INFORMATION SUPPLIED.
lemma distinguishing_iff_inj_on:
  assumes all: "\<And>\<sigma>. bij_betw \<sigma> V V \<Longrightarrow> automorphism V E \<sigma>"
  shows "distinguishing V E c \<longleftrightarrow> inj_on c V"
proof
  assume dist: "distinguishing V E c"
  show "inj_on c V"
  proof (rule inj_onI, rule ccontr)
    fix a b assume ab: "a \<in> V" "b \<in> V" "c a = c b" "a \<noteq> b"
    define \<tau> where "\<tau> = id(a := b, b := a)"
    have "bij_betw \<tau> V V"
      by (rule bij_betw_byWitness[where f' = \<tau>]) (use ab in \<open>auto simp: \<tau>_def\<close>)
    then have "automorphism V E \<tau>" by (rule all)
    moreover have "\<forall>v\<in>V. c (\<tau> v) = c v" using ab by (simp add: \<tau>_def)
    ultimately have "\<forall>v\<in>V. \<tau> v = v" using dist unfolding distinguishing_def by blast
    then show False using ab by (auto simp: \<tau>_def)
  qed
qed (rule distinguishing_if_inj_on)

lemma threshold_number_if_full_symmetry:
  assumes "finite V" "V \<noteq> {}" and all: "\<And>\<sigma>. bij_betw \<sigma> V V \<Longrightarrow> automorphism V E \<sigma>"
  shows "distinguishing_threshold V E = card V" "distinguishing_number V E = card V"
proof -
  note threshold = distinguishing_threshold_spec[OF assms(1,2), where E = E]
  obtain c :: "'a \<Rightarrow> nat" where c: "card (c ` V) = distinguishing_threshold V E"
    using ex_colouring_card_image[OF assms(1) threshold(1,2)] .
  then have "inj_on c V" using threshold(3) distinguishing_iff_inj_on[OF all] by blast
  then show "distinguishing_threshold V E = card V" using c card_image by metis
  obtain d where d: "d ` V \<subseteq> {0..<distinguishing_number V E}" "distinguishing V E d"
    using distinguishing_number_spec(2)[OF assms(1)] by blast
  then have "card V = card (d ` V)" using distinguishing_iff_inj_on[OF all] card_image by metis
  also have "\<dots> \<le> distinguishing_number V E" using card_mono[OF _ d(1)] by simp
  finally show "distinguishing_number V E = card V"
    using distinguishing_number_spec(1)[OF assms(1), of E] by simp
qed

lemma threshold_number_if_asymmetric:
  assumes "V \<noteq> {}" "asymmetric V E"
  shows "distinguishing_threshold V E = 1" "distinguishing_number V E = 1"
proof -
  show "distinguishing_threshold V E = 1"
    unfolding distinguishing_threshold_def
    by (rule Least_equality) (simp_all add: distinguishing_if_asymmetric[OF assms(2)])
  show "distinguishing_number V E = 1"
    unfolding distinguishing_number_def
  proof (rule Least_equality)
    show "\<exists>c. c ` V \<subseteq> {0..<1} \<and> distinguishing V E c"
      using distinguishing_if_asymmetric[OF assms(2)] by (intro exI[of _ "\<lambda>_. 0"]) auto
    show "1 \<le> k" if "\<exists>c. c ` V \<subseteq> {0..<k} \<and> distinguishing V E c" for k
      using that assms(1) by (cases k) auto
  qed
qed

lemma asymmetric_or_complete_or_empty_if_threshold_eq_number:
  assumes graph: "simple_graph V E" and "V \<noteq> {}"
    and eq: "distinguishing_threshold V E = distinguishing_number V E"
  shows "asymmetric V E \<or> iso_complete V E \<or> iso_empty V E"
proof -
  have finite: "finite V" using graph by (simp add: simple_graph_def)
  note threshold = distinguishing_threshold_spec[OF finite assms(2), where E = E]
  show ?thesis
  proof (cases "distinguishing_threshold V E \<le> 1")
    case True
    obtain c where "c ` V \<subseteq> {0..<distinguishing_number V E}" "distinguishing V E c"
      using distinguishing_number_spec(2)[OF finite] by blast
    then have "asymmetric V E"
      using True eq by (intro asymmetric_if_constant_distinguishing[of c V 0]) auto
    then show ?thesis ..
  next
    case False
    interpret sharp_threshold V E "distinguishing_threshold V E"
      using graph threshold(3) not_distinguishing_if_card_less_number[OF finite] eq
      by unfold_locales auto
    show ?thesis using complete_or_empty False threshold(2) by simp
  qed
qed

theorem mainTheorem7:
  fixes V :: "'a set" and E :: "'a \<Rightarrow> 'a \<Rightarrow> bool"
  assumes "simple_graph V E" and "V \<noteq> {}"
  shows "distinguishing_threshold V E = distinguishing_number V E \<longleftrightarrow>
           asymmetric V E \<or> iso_complete V E \<or> iso_empty V E"
proof
  assume "distinguishing_threshold V E = distinguishing_number V E"
  then show "asymmetric V E \<or> iso_complete V E \<or> iso_empty V E"
    by (rule asymmetric_or_complete_or_empty_if_threshold_eq_number[OF assms])
next
  have finite: "finite V" using assms(1) by (simp add: simple_graph_def)
  assume "asymmetric V E \<or> iso_complete V E \<or> iso_empty V E"
  then consider "asymmetric V E" | "iso_complete V E \<or> iso_empty V E" by blast
  then show "distinguishing_threshold V E = distinguishing_number V E"
  proof cases
    case 1
    then show ?thesis using threshold_number_if_asymmetric[OF assms(2)] by simp
  next
    case 2
    then have "\<And>\<sigma>. bij_betw \<sigma> V V \<Longrightarrow> automorphism V E \<sigma>"
      using automorphism_if_complete_or_empty[OF assms(1)] by blast
    then show ?thesis using threshold_number_if_full_symmetry[OF finite assms(2)] by simp
  qed
qed

end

THE PROBLEM. Only the lines from the one that contains "V E \<longleftrightarrow>" to the end of the entries above should be given again, exactly and in full.

WRITTEN REPLY.
  shows "distinguishing_threshold V E = distinguishing_number V E \<longleftrightarrow>
           asymmetric V E \<or> iso_complete V E \<or> iso_empty V E"
proof
  assume "distinguishing_threshold V E = distinguishing_number V E"
  then show "asymmetric V E \<or> iso_complete V E \<or> iso_empty V E"
    by (rule asymmetric_or_complete_or_empty_if_threshold_eq_number[OF assms])
next
  have finite: "finite V" using assms(1) by (simp add: simple_graph_def)
  assume "asymmetric V E \<or> iso_complete V E \<or> iso_empty V E"
  then consider "asymmetric V E" | "iso_complete V E \<or> iso_empty V E" by blast
  then show "distinguishing_threshold V E = distinguishing_number V E"
  proof cases
    case 1
    then show ?thesis using threshold_number_if_asymmetric[OF assms(2)] by simp
  next
    case 2
    then have "\<And>\<sigma>. bij_betw \<sigma> V V \<Longrightarrow> automorphism V E \<sigma>"
      using automorphism_if_complete_or_empty[OF assms(1)] by blast
    then show ?thesis using threshold_number_if_full_symmetry[OF finite assms(2)] by simp
  qed
qed

end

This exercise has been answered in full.